As a more specific technical solution, the step of acquiring a specific file according to the signature verification result, and starting a service program of the quantum key distribution device according to the specific file includes:
returning the signature verification result to compliance detection software in the quantum key distribution equipment by using a security chip;
judging whether the signature verification is successful or not according to the signature verification result by using the compliance detection software;
if yes, starting the service program of the quantum key distribution equipment;
if not, judging that the quantum key distribution equipment is in a to-be-overhauled state.
As a more specific technical solution, if the signature verification is successful, the step of starting the service program of the quantum key distribution device further includes:
generating a specific file by the compliance detection software;
detecting and acquiring the specific file, and processing the equipment firmware according to the specific file, so as to obtain a normal service program;
and starting the normal service program.
The invention also provides a system for verifying the firmware integrity of QKD equipment based on a cryptographic algorithm, which comprises:
the public key private key generation module is used for generating an SM2 public key and an SM2 private key of the equipment firmware by using an SM2 algorithm through a special PC;
the hash signing module is used for operating the equipment firmware by using an SM3 algorithm to obtain a first hash value, and signing the first hash value by using an SM2 private key to obtain a first signing result;
the signature verification module is used for executing SM3 operation on the device firmware to be protected on the quantum key distribution device to obtain a second hash value, and utilizing an SM2 public key and the first signature result to carry out signature verification processing on the second hash value to obtain a signature verification result;
and the service starting module is used for acquiring a specific file according to the signature verification result so as to start the service program of the quantum key distribution equipment.

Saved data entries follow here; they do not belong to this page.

(* Let $X=(\mathbb{C}^n,\|\cdot\|)$ be an $n$-dimensional complex CL-space with an absolute norm. Then $(a_1,\dots,a_n)\in X$ is a complex extreme point of $B_X$ if and only if $(|a_1|,\dots,|a_n|)$ is a convex combination of extreme points of $B_X$ all of whose coordinates are nonnegative real numbers. In short, $\mathbb{R}_+^n\cap\mathrm{ext}_{\mathbb{C}}B_X=\mathrm{co}(\mathbb{R}_+^n\cap\mathrm{ext}\,B_X)$.
   Context: A norm on $\mathbb{C}^n$ is absolute if $\|(a_1,\dots,a_n)\|=\|(|a_1|,\dots,|a_n|)\|$ for all scalars and $\|e_j\|=1$ for the canonical basis vectors. A Banach space is a CL-space if its unit ball is the absolutely convex hull of every maximal convex subset of its unit sphere; in finite dimensions, equivalently, $|x^*(x)|=1$ for every extreme point $x^*$ of $B_{X^*}$ and every extreme point $x$ of $B_X$. $\mathrm{ext}\,B_X$ is the set of extreme points of $B_X$ ($x\in B_X$ with $y+z=2x$, $y,z\in B_X$ implying $x=y=z$). $x\in B_X$ is a complex extreme point of $B_X$ if $\sup_{0\le\theta\le2\pi}\|x+e^{i\theta}y\|\le1$ for some $y\in X$ implies $y=0$; $\mathrm{ext}_{\mathbb{C}}B_X$ is the set of complex extreme points. $\mathbb{R}_+^n$ denotes vectors with nonnegative real coordinates and $\mathrm{co}$ the convex hull. *)

theory Defs
  imports "HOL-Analysis.Analysis"
begin

definition is_cnorm :: "(complex ^ 'n \<Rightarrow> real) \<Rightarrow> bool" where
  "is_cnorm N \<longleftrightarrow>
     (\<forall>x. N x = 0 \<longleftrightarrow> x = 0) \<and>
     (\<forall>c x. N (c *s x) = cmod c * N x) \<and>
     (\<forall>x y. N (x + y) \<le> N x + N y)"

definition cabs_vec :: "complex ^ 'n \<Rightarrow> complex ^ 'n" where
  "cabs_vec a = (\<chi> i. complex_of_real (cmod (a $ i)))"

definition is_absolute_norm :: "(complex ^ 'n \<Rightarrow> real) \<Rightarrow> bool" where
  "is_absolute_norm N \<longleftrightarrow> is_cnorm N \<and>
     (\<forall>a. N a = N (cabs_vec a)) \<and>
     (\<forall>j. N (axis j 1) = 1)"

definition unit_ball :: "(complex ^ 'n \<Rightarrow> real) \<Rightarrow> (complex ^ 'n) set" where
  "unit_ball N = {x. N x \<le> 1}"

definition ext_pts :: "(complex ^ 'n) set \<Rightarrow> (complex ^ 'n) set" where
  "ext_pts B = {x \<in> B. \<forall>y z. y \<in> B \<and> z \<in> B \<and> y + z = 2 *s x \<longrightarrow> y = x \<and> z = x}"

definition cext_pts :: "(complex ^ 'n \<Rightarrow> real) \<Rightarrow> (complex ^ 'n) set" where
  "cext_pts N = {x \<in> unit_ball N.
     \<forall>y. (\<forall>\<theta>\<in>{0..2*pi}. N (x + cis \<theta> *s y) \<le> 1) \<longrightarrow> y = 0}"

text \<open>Dual space: every complex-linear functional on C^n is x \<mapsto> sum_i w_i x_i
  for a unique w; the dual norm of w is the operator norm of this functional.\<close>
definition pairing :: "complex ^ 'n \<Rightarrow> complex ^ 'n \<Rightarrow> complex" where
  "pairing w x = (\<Sum>i\<in>UNIV. w $ i * x $ i)"

definition dual_norm :: "(complex ^ 'n \<Rightarrow> real) \<Rightarrow> complex ^ 'n \<Rightarrow> real" where
  "dual_norm N w = Sup {cmod (pairing w x) | x. N x \<le> 1}"

text \<open>CL-space, via the finite-dimensional characterization:
  |x*(x)| = 1 for all extreme points x* of the dual ball and x of the ball.\<close>
definition is_CL_space :: "(complex ^ 'n \<Rightarrow> real) \<Rightarrow> bool" where
  "is_CL_space N \<longleftrightarrow>
     (\<forall>w \<in> ext_pts (unit_ball (dual_norm N)). \<forall>x \<in> ext_pts (unit_ball N).
        cmod (pairing w x) = 1)"

definition nonneg_real_vecs :: "(complex ^ 'n) set" where
  "nonneg_real_vecs = {x. \<forall>i. Im (x $ i) = 0 \<and> 0 \<le> Re (x $ i)}"

end

theory Submission imports Defs begin

(* Let B be the unit ball of an absolute norm N on C^n and P = R_+^n \<inter> ext B.
   Multiplying coordinates by unimodular scalars preserves N, hence N is monotone in the
   moduli of the coordinates, B and the dual ball are invariant under such diagonal maps,
   and the modulus vector |x| of an extreme point x is again extreme.
   (=>) By Krein-Milman every x \<in> B is a convex combination of extreme points q; replacing
   each q by |q| yields v \<in> co P with |x_j| \<le> v_j.  A complex extreme point a admits no
   such strict majorant (otherwise a whole circle around a in one coordinate stays in B),
   so |a| = v \<in> co P.
   (<=) The CL-property says <w,p> = 1 for every nonnegative dual extreme point w and
   p \<in> P, hence for every p \<in> co P.  Since every coordinate is seen by some such w, no
   point of B dominates a point of co P strictly in one coordinate.  If a \<pm> c y \<in> B with
   y_i \<noteq> 0, choosing the phase c so that c y_i \<perp> a_i makes (|a + c y| + |a - c y|)/2 such a
   strict majorant of |a|; hence a is a complex extreme point. *)

lemma polar_phase:
  fixes z :: complex
  obtains e where "cmod e = 1" "z = e * complex_of_real (cmod z)"
proof -
  define e where "e = (if z = 0 then 1 else z / complex_of_real (cmod z))"
  have "cmod e = 1" "z = e * complex_of_real (cmod z)" by (auto simp: e_def norm_divide)
  thus ?thesis using that by blast
qed

lemma unimodular_is_cis:
  assumes "cmod c = 1" shows "\<exists>\<theta>\<in>{0..2*pi}. cis \<theta> = c"
proof -
  have "is_Arg c (Arg2pi c)" "0 \<le> Arg2pi c" "Arg2pi c < 2*pi" using Arg2pi by auto
  thus ?thesis using assms by (intro bexI[of _ "Arg2pi c"]) (auto simp: is_Arg_def cis_conv_exp)
qed
(* Under all the hypotheses of the scalar refinement lemma (a presented PROP $\mathcal{P}^{\mathrm{src}}/\mathcal{R}^{\mathrm{src}}$ with a faithful strict symmetric monoidal interpretation into an endomorphism-only symmetric monoidal subcategory $\mathcal{C}^{\mathrm{src}}\subseteq\mathbf{FdHilb}$ whose scalar group $\mathcal{C}^{\mathrm{src}}(0,0)$ is cyclic of order $m$ generated by the interpretation of a source scalar $s$, which has no hidden phases and all of whose morphisms are invertible in $\mathcal{C}^{\mathrm{src}}$; with $\ell\ge1$, $\zeta$ of order $m\ell$ and $r$ with $\zeta^r=[\![s]\!]_{\mathrm{src}}$), let $C_1,C_2$ be morphisms built only from source generators (no occurrence of $\omega$). If $C_1=C_2$ is derivable in the scalar-refined presentation $\mathcal{P}^{\mathrm{src},\sharp}/\mathcal{R}^{\mathrm{src},\sharp}$, then $C_1=C_2$ is already derivable in $\mathcal{P}^{\mathrm{src}}/\mathcal{R}^{\mathrm{src}}$.
   Context: A PROP is a strict symmetric monoidal category with objects the natural numbers, $n\otimes m=n+m$, unit $0$; a presented PROP $\mathcal{P}/\mathcal{R}$ is the free PROP on a signature of generators modulo the congruence generated by equations $\mathcal{R}$. $\mathbf{FdHilb}$ is the strict symmetric monoidal category of finite-dimensional Hilbert spaces with $n$ interpreted as $(\mathbb{C}^d)^{\otimes n}$. No hidden phases means: whenever $\lambda\in\mathrm{U}(1)$ and $\lambda\,\mathrm{id}_n\in\mathcal{C}^{\mathrm{src}}(n,n)$, then $\lambda\in\mathcal{C}^{\mathrm{src}}(0,0)$. Faithful means injective on hom-sets. The scalar-refined presentation $\mathcal{P}^{\mathrm{src},\sharp}/\mathcal{R}^{\mathrm{src},\sharp}$ adjoins to $\mathcal{P}^{\mathrm{src}}/\mathcal{R}^{\mathrm{src}}$ a new generator $\omega:0\to0$ and the relations $\omega^{m\ell}=\mathrm{id}_0$ and $\omega^r=s$ ($\omega^k$ the $k$-fold composite of $\omega$). *)

theory Defs
  imports Complex_Main "Jordan_Normal_Form.Matrix"
begin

Compared with the prior art, the invention has the following advantages:
the invention uses a security chip with commercial secret qualification, uses a national secret algorithm (SM 2 and SM 3) to carry out signature verification test on the file to be protected, protects the integrity and safety of equipment firmware by a hardware (security chip) method and a software (national secret algorithm) method, and avoids the phenomenon that QKD equipment is attacked caused by equipment firmware defect. The invention calculates the hash value by using SM3 algorithm to the equipment firmware, then signs the hash value by using equipment private key (SM 2 algorithm private key) to obtain signature result, and writes SM2 public key and signature result into the security chip; at the QKD device end, the SM3 algorithm is used for calculating the hash value for the device firmware, the security chip is called to execute the signature verification operation for the hash value, and the accuracy of the SM2 and SM3 algorithms is utilized to ensure the integrity and the security of the device firmware.
Drawings
FIG. 1 is a schematic diagram of a signature verification of an embodiment of the present invention;
FIG. 2 is a schematic diagram of a signature flow in an embodiment of the invention;
fig. 3 is a schematic diagram of a signature verification process in an embodiment of the present invention.
Detailed Description
For the purpose of making the objects, technical solutions and advantages of the embodiments of the present invention more apparent, the technical solutions in the embodiments of the present invention will be clearly and completely described in the following in conjunction with the embodiments of the present invention, and it is apparent that the described embodiments are some embodiments of the present invention, but not all embodiments. All other embodiments, which can be made by those skilled in the art based on the embodiments of the invention without making any inventive effort, are intended to be within the scope of the invention.
Embodiment one:
SM2 algorithm introduction:
the SM2 algorithm is an elliptic curve public key cryptographic algorithm, and the algorithm is divided into a public key pair, a private key pair, a signature function, a signature verification function, an encryption function and a decryption function.
In use, the signature and signature verification function are combined, encryption and decryption are combined, and each combination uses public and private key pairs, private key signature and public key signature verification; public key encryption and private key decryption; if the public and private keys are changed, the signature verification or encryption and decryption cannot be used correctly, and the public and private keys are respectively located at the home terminal and the opposite terminal, so that in actual use, the home terminal and the opposite terminal cooperate to use the signature verification or encryption and decryption functions.
Detailed description of the implementation scheme:
as shown in fig. 1, the scheme proposes a firmware verification scheme of a QKD device based on a cryptographic algorithm, signature operation is performed on device firmware through signature software deployed on a dedicated PC, then signature verification operation is completed on the QKD device, and after signature verification of the QKD device passes, a QKD service function is operated, otherwise, if signature verification does not pass, the QKD device cannot be operated.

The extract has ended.